Should the distance between $\{x: f(x)=0\}$ and $\{x:f(x)<0\}$ be $0$ ($f$ may not be continuous, $x$ in some metric space)?

Question

Suppose I have a function (which may or may not be continuous) $$f: X\rightarrow\mathbb{R}$$

where $X$ is a metric space, with distance $d: X\times X\rightarrow \mathbb{R}$. By abuse of notation, we also define the distance between a point in $X$ and a subset $X'\subset X$. As usual, $$d(x,X')\overset{\text{def}}{=} \inf\{d(x,x')\mid x'\in X'\}$$

Let $x\in X$ be a zero of $f$, i.e., $f(x)=0$, and we define the set $A$ as $$A\overset{\text{def}}=\{x\in X\mid f(x)< 0 \}$$ We assume $A\neq \emptyset$. Then, is it correct to claim that $d(x, A)=0$ (so x is in the closure of $A$)?

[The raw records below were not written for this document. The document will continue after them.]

section \<open>The Wasserstein distance \<open>W\<^sub>1\<close>\<close>

lemma powr_ge_tangent:
  fixes u a p :: real
  assumes u: "u \<ge> 0" and a: "a > 0" and p: "p \<ge> 1"
  shows "a powr p + p * a powr (p - 1) * (u - a) \<le> u powr p"
proof (cases "u = 0")
  case True
  have "a powr (p - 1) * a = a powr p"
    using a by (simp add: powr_diff)
  then have "a powr p + p * a powr (p - 1) * (u - a) = (1 - p) * a powr p"
    using True by (simp add: algebra_simps)
  also have "\<dots> \<le> 0"
    using p by (simp add: mult_nonpos_nonneg)
  finally show ?thesis
    using True by simp
next
  case False
  have "p * a powr (p - 1) * (u - a) \<le> u powr p - a powr p"
  proof (rule convex_on_imp_above_tangent[where A="{0<..}"])
    show "convex_on {0<..} (\<lambda>x. x powr p)"
      by (rule powr_convex[OF p])
    show "((\<lambda>x. x powr p) has_real_derivative p * a powr (p - 1)) (at a within {0<..})"
      using has_real_derivative_powr[OF a] by (rule DERIV_subset) simp
  qed (use a u False in \<open>auto simp: interior_open\<close>)
  then show ?thesis
    by simp
qed

lemma (in prob_space) integral_powr_le:
  fixes g :: "'a \<Rightarrow> real"
  assumes g: "integrable M g" "AE z in M. g z \<ge> 0"
    and g_powr: "integrable M (\<lambda>z. g z powr p)" and p: "p \<ge> 1"
  shows "(integral\<^sup>L M g) powr p \<le> integral\<^sup>L M (\<lambda>z. g z powr p)"
proof -
  define a where "a = integral\<^sup>L M g"
  have "a \<ge> 0"
    unfolding a_def using g(2) by (rule integral_nonneg_AE)
  show ?thesis
  proof (cases "a = 0")
    case True
    then show ?thesis
      unfolding a_def[symmetric] using g(2) by (simp add: integral_nonneg_AE)
  next
    case False
    with \<open>a \<ge> 0\<close> have a: "a > 0"
      by simp
    have "integral\<^sup>L M (\<lambda>z. a powr p + p * a powr (p - 1) * (g z - a)) \<le> integral\<^sup>L M (\<lambda>z. g z powr p)"
      by (rule integral_mono_AE) (use g g_powr powr_ge_tangent[OF _ a p] in auto)
    moreover have "integral\<^sup>L M (\<lambda>z. a powr p + p * a powr (p - 1) * (g z - a)) = a powr p"
      using g(1) by (simp add: a_def prob_space)
    ultimately show ?thesis
      unfolding a_def by simp
  qed
qed

context
  fixes \<mu> \<nu> :: "real measure"
  assumes \<mu>: "prob_on_unit_interval \<mu>" and \<nu>: "prob_on_unit_interval \<nu>"
begin

lemma couplings_nonempty: "couplings \<mu> \<nu> \<noteq> {}"
  using \<mu> \<nu> pair_measure_in_couplings[of \<mu> \<nu>] by (auto simp: prob_on_unit_interval_def)

lemma integrable_coupling_distance_powr:
  assumes \<pi>: "\<pi> \<in> couplings \<mu> \<nu>" and p: "p \<ge> 0"
  shows "integrable \<pi> (\<lambda>z. \<bar>fst z - snd z\<bar> powr p)"
proof -
  interpret prob_space \<pi>
    by (rule couplingD(1)[OF \<pi>])
  note [measurable] = measurable_coupling_fst_snd[OF \<pi>]
  show ?thesis
  proof (rule integrable_const_bound[where B=1])
    show "AE z in \<pi>. norm (\<bar>fst z - snd z\<bar> powr p) \<le> 1"
      using coupling_distance_le_1[OF \<pi> \<mu> \<nu>] by eventually_elim (use p in \<open>auto intro: powr_le1\<close>)
  qed measurable
qed

lemma integrable_coupling_distance:
  "\<pi> \<in> couplings \<mu> \<nu> \<Longrightarrow> integrable \<pi> (\<lambda>z. \<bar>fst z - snd z\<bar>)"
  using integrable_coupling_distance_powr[of \<pi> 1] by simp

lemma Wp_one_eq_INF: "Wp 1 \<mu> \<nu> = (INF \<pi>\<in>couplings \<mu> \<nu>. \<integral>z. \<bar>fst z - snd z\<bar> \<partial>\<pi>)"
proof -
  have "0 \<le> (INF \<pi>\<in>couplings \<mu> \<nu>. \<integral>z. \<bar>fst z - snd z\<bar> \<partial>\<pi>)"
    using couplings_nonempty by (intro cINF_greatest) auto
  then show ?thesis
    unfolding Wp_def by simp
qed

lemma Wp_one_le_coupling:
  assumes "\<pi> \<in> couplings \<mu> \<nu>"
  shows "Wp 1 \<mu> \<nu> \<le> (\<integral>z. \<bar>fst z - snd z\<bar> \<partial>\<pi>)"
  unfolding Wp_one_eq_INF using assms by (intro cINF_lower bdd_belowI[of _ 0]) auto

lemma le_Wp_one:
  assumes "\<And>\<pi>. \<pi> \<in> couplings \<mu> \<nu> \<Longrightarrow> a \<le> (\<integral>z. \<bar>fst z - snd z\<bar> \<partial>\<pi>)"
  shows "a \<le> Wp 1 \<mu> \<nu>"
  unfolding Wp_one_eq_INF using assms couplings_nonempty by (intro cINF_greatest) auto

lemma Wp_one_le_Wp:
  assumes p: "p \<ge> 1"
  shows "Wp 1 \<mu> \<nu> \<le> Wp p \<mu> \<nu>"
proof -
  define I where "I = (INF \<pi>\<in>couplings \<mu> \<nu>. \<integral>z. \<bar>fst z - snd z\<bar> powr p \<partial>\<pi>)"
  have W: "0 \<le> Wp 1 \<mu> \<nu>"
    by (rule le_Wp_one) simp
  have "Wp 1 \<mu> \<nu> powr p \<le> I"
    unfolding I_def
  proof (rule cINF_greatest[OF couplings_nonempty])
    fix \<pi> assume \<pi>: "\<pi> \<in> couplings \<mu> \<nu>"
    interpret prob_space \<pi>
      by (rule couplingD(1)[OF \<pi>])
    have "Wp 1 \<mu> \<nu> powr p \<le> (\<integral>z. \<bar>fst z - snd z\<bar> \<partial>\<pi>) powr p"
      using W p Wp_one_le_coupling[OF \<pi>] by (intro powr_mono2) auto
    also have "\<dots> \<le> (\<integral>z. \<bar>fst z - snd z\<bar> powr p \<partial>\<pi>)"
      using p by (intro integral_powr_le integrable_coupling_distance[OF \<pi>]
          integrable_coupling_distance_powr[OF \<pi>]) auto
    finally show "Wp 1 \<mu> \<nu> powr p \<le> (\<integral>z. \<bar>fst z - snd z\<bar> powr p \<partial>\<pi>)" .
  qed
  then have "(Wp 1 \<mu> \<nu> powr p) powr (1 / p) \<le> I powr (1 / p)"
    using p by (intro powr_mono2) auto
  then show ?thesis
    using W p unfolding Wp_def[of p] I_def by (simp add: powr_powr)
qed

lemma Wp_one_le_Winf: "ereal (Wp 1 \<mu> \<nu>) \<le> Winf \<mu> \<nu>"
  unfolding Winf_def
proof (rule INF_greatest)
  fix \<pi> assume \<pi>: "\<pi> \<in> couplings \<mu> \<nu>"
  interpret prob_space \<pi>
    by (rule couplingD(1)[OF \<pi>])
  let ?S = "esssup \<pi> (\<lambda>z. ereal \<bar>fst z - snd z\<bar>)"
  have S: "AE z in \<pi>. ereal \<bar>fst z - snd z\<bar> \<le> ?S"
    by (rule esssup_AE)
  have "ereal (\<integral>z. \<bar>fst z - snd z\<bar> \<partial>\<pi>) \<le> ?S"
  proof (cases ?S)
    case (real s)
    have "(\<integral>z. \<bar>fst z - snd z\<bar> \<partial>\<pi>) \<le> (\<integral>z. s \<partial>\<pi>)"
      using S real by (intro integral_mono_AE integrable_coupling_distance[OF \<pi>]) auto
    then show ?thesis
      using real by (simp add: prob_space)
  next
    case MInf
    then show ?thesis
      using S by (simp add: AE_False)
  qed simp
  then show "ereal (Wp 1 \<mu> \<nu>) \<le> ?S"
    using Wp_one_le_coupling[OF \<pi>] by (meson ereal_less_eq(3) order_trans)
qed

lemma abs_integral_diff_le_Lipschitz_Wp_one:
  fixes H :: "real \<Rightarrow> real"
  assumes [measurable]: "H \<in> borel_measurable borel"
    and Lipschitz: "\<And>u v. \<bar>H u - H v\<bar> \<le> L * \<bar>u - v\<bar>" and L: "L \<ge> 0"
    and bounded: "\<And>u. \<bar>H u\<bar> \<le> B"
  shows "\<bar>integral\<^sup>L \<mu> H - integral\<^sup>L \<nu> H\<bar> \<le> L * Wp 1 \<mu> \<nu>"
proof -
  have coupling_bound: "\<bar>integral\<^sup>L \<mu> H - integral\<^sup>L \<nu> H\<bar> \<le> L * (\<integral>z. \<bar>fst z - snd z\<bar> \<partial>\<pi>)"
    if \<pi>: "\<pi> \<in> couplings \<mu> \<nu>" for \<pi>
  proof -
    interpret prob_space \<pi>
      by (rule couplingD(1)[OF \<pi>])
    note [measurable] = measurable_coupling_fst_snd[OF \<pi>]
    have H_fst: "integrable \<pi> (\<lambda>z. H (fst z))" and H_snd: "integrable \<pi> (\<lambda>z. H (snd z))"
      using bounded by (auto intro!: integrable_const_bound[where B=B])
    have "\<bar>integral\<^sup>L \<mu> H - integral\<^sup>L \<nu> H\<bar> = \<bar>\<integral>z. H (fst z) - H (snd z) \<partial>\<pi>\<bar>"
      using H_fst H_snd by (simp add: integral_coupling_fst[OF \<pi>] integral_coupling_snd[OF \<pi>])
    also have "\<dots> \<le> (\<integral>z. \<bar>H (fst z) - H (snd z)\<bar> \<partial>\<pi>)"
      by (rule integral_abs_bound)
    also have "\<dots> \<le> (\<integral>z. L * \<bar>fst z - snd z\<bar> \<partial>\<pi>)"
      using H_fst H_snd integrable_coupling_distance[OF \<pi>] Lipschitz by (intro integral_mono) auto
    finally show ?thesis
      by simp
  qed
  show ?thesis
  proof (cases "L = 0")
    case True
    obtain \<pi> where "\<pi> \<in> couplings \<mu> \<nu>"
      using couplings_nonempty by blast
    then show ?thesis
      using coupling_bound True by fastforce
  next
    case False
    then have "\<bar>integral\<^sup>L \<mu> H - integral\<^sup>L \<nu> H\<bar> / L \<le> Wp 1 \<mu> \<nu>"
      using L coupling_bound by (intro le_Wp_one) (simp add: divide_le_eq mult.commute)
    then show ?thesis
      using False L by (simp add: divide_le_eq mult.commute)
  qed
qed

end

lemma abs_sum_Lipschitz_empirical_le:
  fixes H :: "real \<Rightarrow> real"
  assumes N: "N \<ge> 1" and x: "\<forall>n\<ge>1. x n \<in> {0..1}"
    and W: "Wp 1 (empirical x N) lambda1 \<le> C / real N"
    and [measurable]: "H \<in> borel_measurable borel"
    and Lipschitz: "\<And>u v. \<bar>H u - H v\<bar> \<le> L * \<bar>u - v\<bar>" and L: "L \<ge> 0"
    and bounded: "\<And>u. \<bar>H u\<bar> \<le> B"
  shows "\<bar>(\<Sum>j=1..N. H (x j)) - real N * integral\<^sup>L lambda1 H\<bar> \<le> L * C"
proof -
  have "\<bar>integral\<^sup>L (empirical x N) H - integral\<^sup>L lambda1 H\<bar> \<le> L * Wp 1 (empirical x N) lambda1"
    using prob_on_unit_interval_empirical[OF N x] prob_on_unit_interval_lambda1 Lipschitz L bounded
    by (intro abs_integral_diff_le_Lipschitz_Wp_one) auto
  also have "\<dots> \<le> L * C / real N"
    using mult_left_mono[OF W L] by simp
  finally have "\<bar>(\<Sum>j=1..N. H (x j)) / real N - integral\<^sup>L lambda1 H\<bar> \<le> L * C / real N"
    using N by (simp add: integral_empirical)
  moreover have "(\<Sum>j=1..N. H (x j)) - real N * integral\<^sup>L lambda1 H =
      real N * ((\<Sum>j=1..N. H (x j)) / real N - integral\<^sup>L lambda1 H)"
    using N by (simp add: field_simps)
  ultimately show ?thesis
    using N by (simp add: abs_mult pos_le_divide_eq mult.commute)
qed

section \<open>Cell discrepancies\<close>

lemma integral_max_0_diff:
  fixes a :: real
  assumes a: "0 \<le> a" "a \<le> 1"
  shows "integral {0..1} (\<lambda>u. max 0 (u - a)) = (1 - a)^2 / 2"
proof -
  have "((\<lambda>u. u - a) has_integral (1 - a)^2 / 2 - (a - a)^2 / 2) {a..1}"
  proof (rule fundamental_theorem_of_calculus)
    fix u assume "u \<in> {a..1}"
    have "((\<lambda>u. (u - a)^2 / 2) has_real_derivative (u - a)) (at u within {a..1})"
      by (rule derivative_eq_intros refl | simp)+
    then show "((\<lambda>u. (u - a)^2 / 2) has_vector_derivative (u - a)) (at u within {a..1})"
      by (simp add: has_real_derivative_iff_has_vector_derivative)
  qed (use a in simp)
  then have right: "integral {a..1} (\<lambda>u. u - a) = (1 - a)^2 / 2"
    by (simp add: integral_unique)
  have "integral {0..1} (\<lambda>u. max 0 (u - a)) =
      integral {0..a} (\<lambda>u. max 0 (u - a)) + integral {a..1} (\<lambda>u. max 0 (u - a))"
    using a by (intro Henstock_Kurzweil_Integration.integral_combine[symmetric] integrable_continuous_real
        continuous_intros) auto
  also have "integral {0..a} (\<lambda>u. max 0 (u - a)) = integral {0..a} (\<lambda>u. 0)"
    by (rule integral_cong) auto
  also have "integral {a..1} (\<lambda>u. max 0 (u - a)) = integral {a..1} (\<lambda>u. u - a)"
    by (rule integral_cong) auto
  finally show ?thesis
    using right by simp
qed

definition cell_ramp :: "real \<Rightarrow> nat \<Rightarrow> real \<Rightarrow> real" where
  "cell_ramp h c u = max 0 (min h (u - real c * h))"

lemma cell_ramp_bounds: "h \<ge> 0 \<Longrightarrow> 0 \<le> cell_ramp h c u \<and> cell_ramp h c u \<le> h"
  unfolding cell_ramp_def by auto

lemma cell_ramp_mono: "u \<le> v \<Longrightarrow> cell_ramp h c u \<le> cell_ramp h c v"
  unfolding cell_ramp_def by (auto simp: max_def min_def)

lemma continuous_on_cell_ramp: "continuous_on UNIV (cell_ramp h c)"
  unfolding cell_ramp_def by (intro continuous_intros)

Any counter-example?

Answer 1

A continuous counterexample is $f(x)=x^2(1-x^2)$. We have $f(0)=0$ but $f(x)\geq 0$ in $[-1,1]$.

Answer 2

Suppose $f$ is a real valued function of a real variable that's $0$ at $0$, $1$ everywhere else in $(-1, 1)$ and $-1$ everywhere else ...